Levich Institute Seminar Announcement, 10/16/2012
Tuesday, 10/16/2012
2:00 PM
Steinman Hall, Room #312
(Chemical Engineering Conference Room)

Professor Jay Schieber
Illinois Institute of Technology
Department of Chemical Engineering

"Diffusion and Microrheology in Viscoelastic Media: Effects of Inertia and Non-Conservative Forces"


ABSTRACT


The dynamic modulus G of a viscoelastic medium is often measured by following the trajectory of a small bead subject to Brownian motion in a method called “passive microbead rheology”. We seek to expand its applicability into higher frequencies and under non-equilibrium circumstances—for example, in an optical trap. However, we discovered several fundamental issues that were not apparent in typical applications. In other words, the typical equation used for data analysis—the Generalized Stokes-Einstein relation— relies on a sort of cancellation of errors. We discuss and resolve these issues, and then show how the analysis can be generalized to our systems of interest. With these issues resolved, we show how one can (1) rigorously include bead inertia, (2) rigorously include fluid inertia, (3) perform Brownian Dynamics simulations to analyze data from microbead rheology at high frequencies or under non-conservative forces, and (4) derive the correct generalized Langevin equation with inertia removed. Our simulations are used to examine the e.ects of bead circulation from non-conservative forces in optical traps recently discovered in David Grier’s group.
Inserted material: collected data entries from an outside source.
lemma abs_prod_diagonal_perm_le:
  fixes A :: "real^'n^'n"
  assumes p: "p permutes (UNIV::'n set)" and "p \<noteq> id" and "norm A \<le> 1"
  shows "\<bar>\<Prod>i\<in>UNIV. (mat 1 + A) $ i $ p i\<bar> \<le> 2 ^ CARD('n) * norm A ^ 2"
proof -
  let ?c = "\<lambda>k. (mat 1 + A) $ k $ p k"
  \<comment> \<open>both \<open>i\<close> and \<open>p i\<close> are moved, so two factors are off-diagonal entries of \<open>A\<close>\<close>
  obtain i where pi: "p i \<noteq> i" using \<open>p \<noteq> id\<close> by (auto simp: fun_eq_iff)
  have pj: "p (p i) \<noteq> p i" using pi permutes_inj[OF p] by (auto dest: injD)
  have small: "\<bar>?c k\<bar> \<le> norm A" if "p k \<noteq> k" for k
    using that by (simp add: mat_def abs_matrix_entry_le_norm)
  have bounded: "\<bar>?c k\<bar> \<le> 2" for k
    using abs_matrix_entry_le_norm[of A k "p k"] \<open>norm A \<le> 1\<close> by (auto simp: mat_def)
  have rest: "\<bar>\<Prod>k\<in>S. ?c k\<bar> \<le> 2 ^ card S" for S
    unfolding abs_prod by (rule order_trans[OF prod_mono[where g="\<lambda>_. 2"]]) (simp_all add: bounded del: vector_add_component)
  have "\<bar>\<Prod>k\<in>UNIV. ?c k\<bar> = \<bar>?c i\<bar> * (\<bar>?c (p i)\<bar> * \<bar>\<Prod>k\<in>UNIV - {i} - {p i}. ?c k\<bar>)"
    using pi by (simp add: prod.remove[of UNIV i] prod.remove[of "UNIV - {i}" "p i"] abs_mult)
  also have "\<dots> \<le> norm A * (norm A * 2 ^ card (UNIV - {i} - {p i}))"
    by (intro mult_mono small pi pj rest) auto
  also have "\<dots> \<le> norm A * (norm A * 2 ^ CARD('n))"
    by (intro mult_left_mono power_increasing) (auto simp: card_mono)
  finally show ?thesis by (simp add: power2_eq_square mult_ac)
qed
BRIEF ACADEMIC/EMPLOYMENT HISTORY

Prof. Jay Schieber is currently the director of the Center for Molecular Study of Condensed Soft Matter (µCoSM) at the Illinois Institute of Technology. The center houses faculty from Biology, Chemistry, Physics, and Chemical and Biological Engineering, and Prof. Schieber’s academic appointments are in Chemical and Biological Engineering, and in Physics. He received his Bachelors degree in Chemical Engineering from the University of Illinois-Urbana, and his Ph.D. in Chemical Engineering from the University of Wisconsin-Madison under canoe enthusiast, composer and linguist Prof. R. Byron Bird, who also studies transport phenomena. Afterwards, he was NATO-NSF Fellow at the University of Freiburg, Germany, and then post-doctoral associate at McGill University. After a few years at the University of Houston, he was Assistant, Associate and then full Professor at IIT.

RECENT RESEARCH INTERESTS:

Professor Schieber's research focuses primarily on molecular modeling of concentrated polymers, and the experimental measurement of thermal transport in polymers under deformation.